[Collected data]
====

lemma move_partial:
  assumes "n \<le> r" "r < m" "lo \<le> c" "c < hi"
  shows "move (r, c) = (r + 1, lo + (c - lo + \<delta>') mod (hi - lo))"
proof -
  let ?c = "lo + (c - lo + \<delta>') mod (hi - lo)"
  have "?c < hi" by (rule interval_mod_less)
  moreover have "(r + 1) mod (m + d) = r + 1" using assms bottom_pos by simp
  ultimately have "((r + 1) mod (m + d), ?c) \<in> F"
    using assms hi_le_C bottom_pos by (auto simp: mem_F)
  then show ?thesis using assms h_partial \<open>(r + 1) mod (m + d) = r + 1\<close>
    by (simp add: move_def sC_next)
qed

lemma move_last_bottom_row: "j < C \<Longrightarrow> move (d - 1 + m, j) = (0, (j + 1) mod C)"
proof -
  have "d - 1 + m + 1 = m + d" using bottom_pos by simp
  then have "(d - 1 + m + 1) mod (m + d) = 0" by (metis mod_self)
  then show "j < C \<Longrightarrow> ?thesis" using move_bottom[of "d - 1" j] bottom_pos by simp
qed

lemma move_full_diagonal:
  assumes "s + 1 < n" "0 < C"
  shows "move (s, (j + 1 + s * \<delta>) mod C) = (s + 1, (j + 1 + (s + 1) * \<delta>) mod C)"
proof -
  have "move (s, (j + 1 + s * \<delta>) mod C) = (s + 1, ((j + 1 + s * \<delta>) mod C + \<delta>) mod C)"
    by (rule move_full) (use assms in simp_all)
  then show ?thesis by (simp only: mod_add_mult_step)
qed

definition exit_column :: "nat \<Rightarrow> nat" where
  "exit_column j = (j + 1 + n * \<delta>) mod C"

lemma exit_column_step: "((j + 1 + (n - 1) * \<delta>) mod C + \<delta>) mod C = exit_column j"
  using mod_add_mult_step[of "j + 1" "n - 1" \<delta> C] full_rows_pos by (simp add: exit_column_def)

lemma first_return_move_skip:
  assumes j: "j < C" and skip: "\<not> (lo \<le> exit_column j \<and> exit_column j < hi)"
  shows "first_return move m (d - 1, j) = (0, exit_column j)"
proof -
  define p where "p s = (if s < n then s else m, (j + 1 + s * \<delta>) mod C)" for s
  have "first_return move m (d - 1, j) = (fst (p n) - m, snd (p n))"
  proof (rule first_return_path)
    show "move (fst (d - 1, j) + m, snd (d - 1, j)) = p 0"
      using move_last_bottom_row j full_rows_pos by (simp add: p_def)
  next
    fix s assume "s < n"
    show "move (p s) = p (Suc s)"
    proof (cases "Suc s < n")
      case True
      then show ?thesis using move_full_diagonal j by (simp add: p_def)
    next
      case False
      then have "s = n - 1" using \<open>s < n\<close> by simp
      then have "p s = (n - 1, (j + 1 + (n - 1) * \<delta>) mod C)" "p (Suc s) = (m, exit_column j)"
        using full_rows_pos by (simp_all add: p_def exit_column_def)
      then show ?thesis using move_skip exit_column_step skip j by simp
    qed
    show "fst (p s) < m" using \<open>s < n\<close> full_le_top by (simp add: p_def)
  qed (simp add: p_def)
  then show ?thesis by (simp add: p_def exit_column_def)
qed

lemma first_return_move_enter:
  assumes j: "j < C" and enter: "lo \<le> exit_column j" "exit_column j < hi"
  shows "first_return move m (d - 1, j) =
    (0, lo + (exit_column j - lo + (m - n) * \<delta>') mod (hi - lo))"
proof -
  define c where "c = exit_column j"
  define p where "p s = (s, if s < n then (j + 1 + s * \<delta>) mod C
                            else lo + (c - lo + (s - n) * \<delta>') mod (hi - lo))" for s
  have "first_return move m (d - 1, j) = (fst (p m) - m, snd (p m))"
  proof (rule first_return_path)
    show "move (fst (d - 1, j) + m, snd (d - 1, j)) = p 0"
      using move_last_bottom_row j full_rows_pos by (simp add: p_def)
  next
    fix s assume "s < m"
    consider "Suc s < n" | "Suc s = n" | "n \<le> s" by linarith
    then show "move (p s) = p (Suc s)"
    proof cases
      case 1
      then show ?thesis using move_full_diagonal j by (simp add: p_def)
    next
      case 2
      then have "s = n - 1" by simp
      then have "move (p s) = (n, c)"
        using move_enter[of "(j + 1 + s * \<delta>) mod C"] exit_column_step enter j full_rows_pos
        by (simp add: p_def c_def)
      moreover have "c - lo < hi - lo" using enter by (simp add: c_def)
      then have "lo + (c - lo) mod (hi - lo) = c" using enter by (simp add: c_def)
      ultimately show ?thesis using 2 by (simp add: p_def)
    next
      case 3
      have "lo + (c - lo + (s - n) * \<delta>') mod (hi - lo) < hi" by (rule interval_mod_less)
      then have "move (p s) =
          (Suc s, lo + ((c - lo + (s - n) * \<delta>') mod (hi - lo) + \<delta>') mod (hi - lo))"
        using move_partial[of s] 3 \<open>s < m\<close> full_rows_pos by (simp add: p_def)
      moreover have "Suc s - n = (s - n) + 1" using 3 by simp
      ultimately show ?thesis using 3 by (simp only: p_def mod_add_mult_step) simp
    qed
    show "fst (p s) < m" using \<open>s < m\<close> by (simp add: p_def)
  qed (simp add: p_def)
  then show ?thesis using full_le_top by (simp add: p_def c_def)
qed

lemma first_return_move:
  "j < C \<Longrightarrow> first_return move m (d - 1, j) =
    (0, if lo \<le> exit_column j \<and> exit_column j < hi
        then lo + (exit_column j - lo + (m - n) * \<delta>') mod (hi - lo) else exit_column j)"
  using first_return_move_enter first_return_move_skip by simp

end

lemma return_columns_agree:
  fixes a b f c u :: nat
  assumes "f \<le> a" "f \<le> b" "c < a + b" "u = (c + f) mod (a + b)"
  shows "(if a \<le> c then a + (c - a + f) mod b else c) =
    (if u < a + f then (u + f * (a + f - 1)) mod (a + f) else u)"
proof -
  have wrap: "(u + f * (a + f - 1)) mod (a + f) = (u + a) mod (a + f)"
    using mod_add_mult_pred[of f "a + f" u] by simp
  consider "c < a" | "a \<le> c" "c + f < a + b" | "a \<le> c" "a + b \<le> c + f" by linarith
  then show ?thesis
  proof cases
    case 1
    then have "u = c + f" using assms by simp
    then have "(u + a) mod (a + f) = c"
      using 1 by (metis add.commute add.left_commute mod_add_self2 mod_less trans_less_add1)
    then show ?thesis using 1 wrap \<open>u = c + f\<close> by simp
  next
    case 2
    then have "u = c + f" "c - a + f < b" using assms by simp_all
    then show ?thesis using 2 by simp
  next
    case 3
    then have "u = c + f - (a + b)" using assms by (simp add: le_mod_geq)
    moreover have "(c - a + f) mod b = c - a + f - b" using 3 assms by (simp add: le_mod_geq)
    ultimately show ?thesis using 3 assms wrap by simp
  qed
qed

====

The lines you return should be those above that contain the word "shows", every one of them.

  shows "move (r, c) = (r + 1, lo + (c - lo + \<delta>') mod (hi - lo))"
  shows "move (s, (j + 1 + s * \<delta>) mod C) = (s + 1, (j + 1 + (s + 1) * \<delta>) mod C)"
  shows "first_return move m (d - 1, j) = (0, exit_column j)"
  shows "first_return move m (d - 1, j) =
  shows "(if a \<le> c then a + (c - a + f) mod b else c) =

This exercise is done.